Alors oui c'est malheureusement démocratique de répondre à côté de la question, même si cela a probablement tué la pratique du référendum pour 20 ans. Mais il faut comprendre que les centristes du Modem, que l'honnêteté intellectuelle conduit parfois à être précautionneux à l'extrême, aient du mal avec ce type de choix démocratique.
@Martine
L'entrée des 9 nouveaux membres, c'était en juillet 2004, soit onze mois avant le référendum. Et c'est un point qui a été mal mis en valeur. Il aurait été pertinent de rappeler tout ce que des nationaux comme la Pologne ou la Tchéquie avaient souffert pendant le communisme, et de combien le but de la construction européenne dépassait le cadre franco-français. Le gouvernement de l'époque, et notamment la parti au pouvoir à l'époque, l'UMP, a très mal soutenu le TCE. Le dirigeant de l'UMP à l'époque était un certain Nicolas Sarkozy, qui déjà conseillé par Patrick Buisson, se préparait a récupérer les voix du FN (ce qui effectivement marcha en avril 2007). D'où son peu d'ardeur européenne en 2005.

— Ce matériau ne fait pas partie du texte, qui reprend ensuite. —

(* Let $d>K\ge1$, $\mathbf Q\in\mathrm{St}(d,K)$, $\lambda_1>\dots>\lambda_K>0$, $\boldsymbol\Theta=\mathrm{diag}(\sqrt{\lambda_1},\dots,\sqrt{\lambda_K})$, $a_1>\dots>a_K>0$, $\alpha>0$, and $\mathcal A_\alpha(\mathbf X)=\alpha\mathbf X+\mathbf Q\boldsymbol\Theta^2\mathbf Q^\top\mathbf X\,\mathrm{diag}(a_1,\dots,a_K)$. A point $\mathbf X\in\mathrm{St}(d,K)$ is a fixed point of the iteration $\mathbf X^{t+1}\in\mathcal P_{\mathrm{St}}(\mathcal A_\alpha(\mathbf X^t))$ (i.e., $\mathbf X\in\mathcal P_{\mathrm{St}}(\mathcal A_\alpha(\mathbf X))$) if and only if $\mathrm{tr}(\mathbf X^\top\mathcal A_\alpha(\mathbf X))=\|\mathcal A_\alpha(\mathbf X)\|_*$. Furthermore, every such fixed point is a first-order critical point of $\max_{\mathbf X\in\mathrm{St}(d,K)}\mathrm{tr}(\mathbf X^\top\mathbf Q\boldsymbol\Theta^2\mathbf Q^\top\mathbf X\,\mathrm{diag}(a_1,\dots,a_K))$.
   Context: $\mathrm{St}(d,K)=\{\mathbf X\in\mathbb R^{d\times K}:\mathbf X^\top\mathbf X=\mathbf I_K\}$, viewed as an embedded submanifold of $\mathbb R^{d\times K}$ with the Euclidean metric (critical point = vanishing Riemannian gradient). $\mathcal P_{\mathrm{St}}(\mathbf Y)$ is the set of Frobenius-nearest points of $\mathrm{St}(d,K)$ to $\mathbf Y$. $\|\cdot\|_*$ is the nuclear norm. *)

theory Defs
  imports "HOL-Analysis.Analysis"
begin

text \<open>Matrices in R^{d x K} are rendered as real^'k^'d (rows indexed by 'd, columns by 'k).
  The norm on real^'k^'d is the Frobenius norm.\<close>

definition stiefel :: "(real^'k^'d) set" where
  "stiefel = {X. transpose X ** X = mat 1}"

definition diagm :: "real^'n \<Rightarrow> real^'n^'n" where
  "diagm v = (\<chi> i j. if i = j then v $ i else 0)"

definition proj_stiefel :: "real^'k^'d \<Rightarrow> (real^'k^'d) set" where
  "proj_stiefel Y = {X \<in> stiefel. \<forall>Z \<in> stiefel. norm (Y - X) \<le> norm (Y - Z)}"

definition nuclear_norm :: "real^'k^'d \<Rightarrow> real" where
  "nuclear_norm Y = trace (THE S :: real^'k^'k. transpose S = S \<and> (\<forall>x. 0 \<le> x \<bullet> (S *v x))
                           \<and> S ** S = transpose Y ** Y)"

text \<open>First-order critical point of f on the Stiefel manifold (embedded, Euclidean metric):
  X is on St and the differential of f at X vanishes on the tangent space
  T_X St = {V. X^T V + V^T X = 0}, i.e. the Riemannian gradient vanishes.\<close>
definition stiefel_critical :: "(real^'k^'d \<Rightarrow> real) \<Rightarrow> real^'k^'d \<Rightarrow> bool" where
  "stiefel_critical f X \<longleftrightarrow> X \<in> stiefel \<and>
     (\<exists>f'. (f has_derivative f') (at X) \<and>
        (\<forall>V. transpose X ** V + transpose V ** X = 0 \<longrightarrow> f' V = 0))"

Pour l'union UDI-Modem, l'UDI est partagée entre ses objectifs européens, et ses alliances de droite traditionnelles, notamment pour les municipales. C'est inconfortable, mais pour l'instant ils essayent de faire monter la mayonnaise. Résultat des courses en février-mars. Il faut aussi voir si l'UMP se laisse entrainer vers le FN.
@XS,
Je savais tout ca et je pense que si Fred a suivi des débats ayant eu lieu sur un autre blog il y a plusieurs années déjà, il le sait, je ne voulais pas "radoter", merci de votre réponse pour les autres lecteurs.
Résultat en Février-mars, dites-vous, j'aurai plutôt dit en 2017, voyez? J'aimerai beaucoup avoir la mémoire qui flanche mais ce n'est malheureusement pas le cas.
Totalement de l'avis que l'Europe ne s'occupe pas de ce qui est important pour les européens mais se complaît dans l'accessoire et c'est ce qui cause et causera un refus de toutes ses propositions ou traités de la part d'européens qui veulent voir leurs problèmes règlés. NdB : lien à caractère publicitaire retiré.
@gab master case
Bon bon, d'accord d'accord, mais c'est qui précisément l' "Europe" ?
C'est qui exactement cette transcendance qui refuse, comme vous le dites, de régler les vrais problèmes des citoyens européens.
(d'ailleurs, question subsidiaire les citoyens européens, est-ce exactement les gens qui ont voté NON en 2005 ?)
Une fois qu'on saura qui est cette transcendance maléfique ou impotente, on pourra peut-être se demander POURQUOI elle refuse par principe de régler les vrais problèmes et préfère se complaire dans l'accessoire.
Merci (tardif) pour ces commentaires. Ils montrent que le sujet "Europe" reste sensible au moins pour beaucoup d'entre nous !
D'accord avec jbl sur l'importance de reconnaître le résultat du référendum pour ce qu'il est : les Français n'ont pas approuvé le TCE. (Et Nicolas Sarkozy l'a pourtant fait passer, par la voie parlementaire, moyennant la chute du mot "Constitution").
Cela ne prouve pas qu'ils s'opposaient à la construction d'institutions européennes : à mon avis tous ceux qui ont voté "oui" étaient pour, et une bonne partie de ceux qui ont voté "non" (au moins le fameux "non de gauche").
Si le vote avait lieu aujourd'hui, peut-être y aurait-il 70% de non, dont plus de 50% d'anti-institutions européennes. Peut-être, peut-être pas. En tout cas, fin mai 2014, on y verra plus clair, car le vote sur des listes donne des réponses plus détaillées que le vote "oui ou non".